Figure 5. Mutant bvPTX3 (mbvPTX3) attenuates bvPTX3-induced stemness, drug resistance and migration/invasion of breast cancer cells.

A. A schematic representation of various recombinant forms of PTX3 (bvPTX3 or mbvPTX3). B. bvPTX3 and mbvPTX3 had no effect on the proliferation of MB231 cells. MB231 cells were exposed to the recombinant proteins mbvPTX3and mbvPTX3 and the proliferation of experimental cells was assessed at the 24th and 48th h. C. mbvPTX3 inhibited mbvPTX3-induced sphere formation by MB231 cells.

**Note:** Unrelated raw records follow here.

lemma D_sober:
  assumes F: "is_inj_functor X"
  shows "sober (D X)"
proof -
  have FT: "is_inj_functor (T X)" by (rule T_functor[OF F])
  have \<eta>: "natural (T X) (T (T X)) (eta (T X))" by (rule eta_natural[OF FT])
  have T\<eta>: "natural (T X) (T (T X)) (Tmap (T X) (eta X))" by (rule Tmap_natural[OF F FT eta_natural[OF F]])
  have "injective_action (D X)"
    unfolding D_eq_equalizer_functor by (rule equalizer_injective_action[OF T_injective_action[OF F]])
  moreover have "supported_descends (D X)"
    unfolding D_eq_equalizer_functor
    by (rule equalizer_supported_descends[OF \<eta> T\<eta> T_injective_action[OF FT] T_supported_descends[OF F]])
  ultimately show ?thesis using sober_iff_injective_supported_descends[OF D_functor[OF F]] by blast
qed

lemma mD_eta:
  assumes F: "is_inj_functor X" and \<xi>: "\<xi> \<in> fst (D X) a"
  shows "mD X a (eta (D X) a \<xi>) = \<xi>"
proof -
  have "natural (D X) (T X) (\<lambda>n \<xi>. \<xi>)"
    unfolding natural_def D_def T_def equalizing_def by auto
  then have "Tmap (T X) (\<lambda>n \<xi>. \<xi>) a (eta (D X) a \<xi>) = Tcls (T X) a (0, \<xi>)"
    unfolding eta_def using Tmap_cls[OF D_functor[OF F] T_functor[OF F], of "\<lambda>n \<xi>. \<xi>" \<xi> a 0] \<xi> by simp
  moreover have "\<xi> \<in> Tobj X a" using \<xi> unfolding D_def equalizing_def by simp
  then obtain b x where x: "x \<in> fst X (a + b)" and \<xi>_eq: "\<xi> = Tcls X a (b, x)"
    using Tobj_obtain_rep[OF F] by metis
  ultimately show ?thesis
    unfolding mD_def using mu_cls[OF F, where c = 0] x \<xi>_eq by simp
qed

theorem corollary9p7:
  fixes X :: "'a psh"
  assumes "is_inj_functor X"
  shows "(sober X \<longleftrightarrow> nominal X) \<and>
         (\<forall>a. bij_betw (mD X a) (fst (D (D X)) a) (fst (D X) a))"
proof (intro conjI allI)
  show "sober X \<longleftrightarrow> nominal X"
    using sober_iff_injective_supported_descends[OF assms]
      nominal_iff_injective_supported_descends[OF assms] by blast
  fix a
  have \<eta>_onto: "eta (D X) a ` fst (D X) a = fst (D (D X)) a"
    using D_sober[OF assms] unfolding sober_def by (simp add: D_def)
  show "bij_betw (mD X a) (fst (D (D X)) a) (fst (D X) a)"
  proof (rule bij_betw_byWitness[where f' = "eta (D X) a"])
    show "\<forall>\<zeta>\<in>fst (D (D X)) a. eta (D X) a (mD X a \<zeta>) = \<zeta>"
      and "mD X a ` fst (D (D X)) a \<subseteq> fst (D X) a"
      unfolding \<eta>_onto[symmetric] using mD_eta[OF assms] by auto
    show "\<forall>\<xi>\<in>fst (D X) a. mD X a (eta (D X) a \<xi>) = \<xi>" using mD_eta[OF assms] by blast
    show "eta (D X) a ` fst (D X) a \<subseteq> fst (D (D X)) a" using \<eta>_onto by simp
  qed
qed
end
lemma bushy_polynomial:
  "\<gamma> t (Some (bushy n)) =
    (\<Sum>j\<le>n. (real (n choose j) * t ^ (n - j + 1) / real (n - j + 1)) *\<^sub>R
        (x (Some (bushy j)) * x (Some bullet) ^ (n - j)))"
    (is "_ = ?P t")
proof -
  have "(?P has_vector_derivative
      (\<Sum>j\<le>n. of_nat (n choose j) * x (Some (bushy j)) * \<gamma> t (Some bullet) ^ (n - j))) (at t)" for t
  proof -
    have coefficient: "((\<lambda>t. real (n choose j) * t ^ (n - j + 1) / real (n - j + 1)) has_real_derivative
        real (n choose j) * t ^ (n - j)) (at t)" for j
      using DERIV_cmult[OF DERIV_pow[of "Suc (n - j)" t], of "real (n choose j) / real (Suc (n - j))"]
      by (simp add: field_simps del: of_nat_Suc)
    have "(?P has_vector_derivative
        (\<Sum>j\<le>n. (real (n choose j) * t ^ (n - j)) *\<^sub>R (x (Some (bushy j)) * x (Some bullet) ^ (n - j)))) (at t)"
      by (intro has_vector_derivative_sum has_vector_derivative_eq_rhs[OF
          has_vector_derivative_scaleR[OF coefficient has_vector_derivative_const]]) simp
    then show ?thesis
      by (simp add: bullet_linear scaleR_conv_of_real power_mult_distrib mult_ac)
  qed
  with bushy_has_vector_derivative
  have "\<gamma> t (Some (bushy n)) - \<gamma> 0 (Some (bushy n)) = ?P t - ?P 0"
    by (rule same_vector_derivative_imp_same_increment)
  then show ?thesis
    by (simp add: zero bunit_def)
qed

end

lemma lie_exp_rel_one_parameter_group:
  assumes "lie_exp_rel x g"
  obtains \<gamma> where "one_parameter_group \<gamma> x" and "\<gamma> 1 = g"
proof -
  obtain \<gamma> where BTM: "\<And>t. \<gamma> t \<in> BTM" and zero: "\<gamma> 0 = bunit"
    and add: "\<And>s t. \<gamma> (s + t) = bmult (\<gamma> s) (\<gamma> t)"
    and deriv: "has_derivM (\<lambda>t. chart (\<gamma> t)) x 0" and one: "\<gamma> 1 = g" and "x \<in> Mstar"
    using assms unfolding lie_exp_rel_def by blast
  have "((\<lambda>h. inverse h *\<^sub>R \<gamma> h (Some \<tau>)) \<longlongrightarrow> x (Some \<tau>)) (at 0)" for \<tau>
    using tendstoM_coordinate[OF \<open>x \<in> Mstar\<close> deriv[unfolded has_derivM_def], of "Some \<tau>"]
    by (simp add: chart_def zero bunit_def)
  moreover have "\<gamma> t None = 1" for t
    using BTM[of t] by (simp add: BTM_def)
  ultimately have "one_parameter_group \<gamma> x"
    by unfold_locales (auto simp: zero add)
  with one show ?thesis
    using that by blast
qed

section \<open>The equations for the coefficients on bushy trees\<close>

(* The conditions g_0(1) = eps and g_n(1) = 0 for n > 0, where u j = x (Some (bushy j)) and
   x (Some bullet) = eps is already substituted in bushy_polynomial. *)
definition bushy_equations :: "real \<Rightarrow> (nat \<Rightarrow> 'k::real_normed_field) \<Rightarrow> bool" where
  "bushy_equations \<epsilon> u \<longleftrightarrow> u 0 = of_real \<epsilon> \<and>
     (\<forall>n>0. (\<Sum>j\<le>n. (real (n choose j) / real (n - j + 1)) *\<^sub>R (u j * of_real \<epsilon> ^ (n - j))) = 0)"

definition geometrically_bounded :: "(nat \<Rightarrow> 'a::real_normed_vector) \<Rightarrow> bool" where
  "geometrically_bounded u \<longleftrightarrow> (\<exists>B K. \<forall>j. norm (u j) \<le> B * K ^ j)"

lemma lie_exp_rel_aeps_bushy_equations:
  assumes "lie_exp_rel x (aeps \<epsilon> :: rtree option \<Rightarrow> 'k::real_normed_field)"
  shows "bushy_equations \<epsilon> (\<lambda>j. x (Some (bushy j)))"
proof -
  obtain \<gamma> where "one_parameter_group \<gamma> x" and one: "\<gamma> 1 = aeps \<epsilon>"
    using assms by (rule lie_exp_rel_one_parameter_group)
  interpret one_parameter_group \<gamma> x
    by fact
  have bullet: "x (Some bullet) = of_real \<epsilon>"
    using bullet_linear[of 1] by (simp add: one aeps_def)
  have "\<gamma> 1 (Some (bushy n)) = 0" if "n > 0" for n
    using bushy_neq_bullet[of n] that by (simp add: one aeps_def)
  then show ?thesis
    using bushy_polynomial[of 1] by (simp add: bushy_equations_def bullet)
qed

MB231 cells were treated with mbvPTX3 or the Asn220-mutated mbvPTX3 [N-glycosylation site]. The number of spheres was calculated after 14 days. D. mbvPTX3 attenuated the mbvPTX3-induced drug resistance of MB231 cells. The viability of CDDP- or 5-FU-treated MB231 cells was calculated by incubating cells with mbvPTX3 or mbvPTX3 as indicated and further cell viability assays were conducted after 48 h. E. mbvPTX3 inhibited the mbvPTX3-induced in vitro migration and invasion of cancer cells. mcCDRMB231 (MBR) cells were seeded in the upper layer of a Boyden chamber. After 3 h, the culture medium was replaced with serum-free medium in the upper layer and bvPTX3 or mbvPTX3, as indicated, were added to serum-free medium in the bottom layer.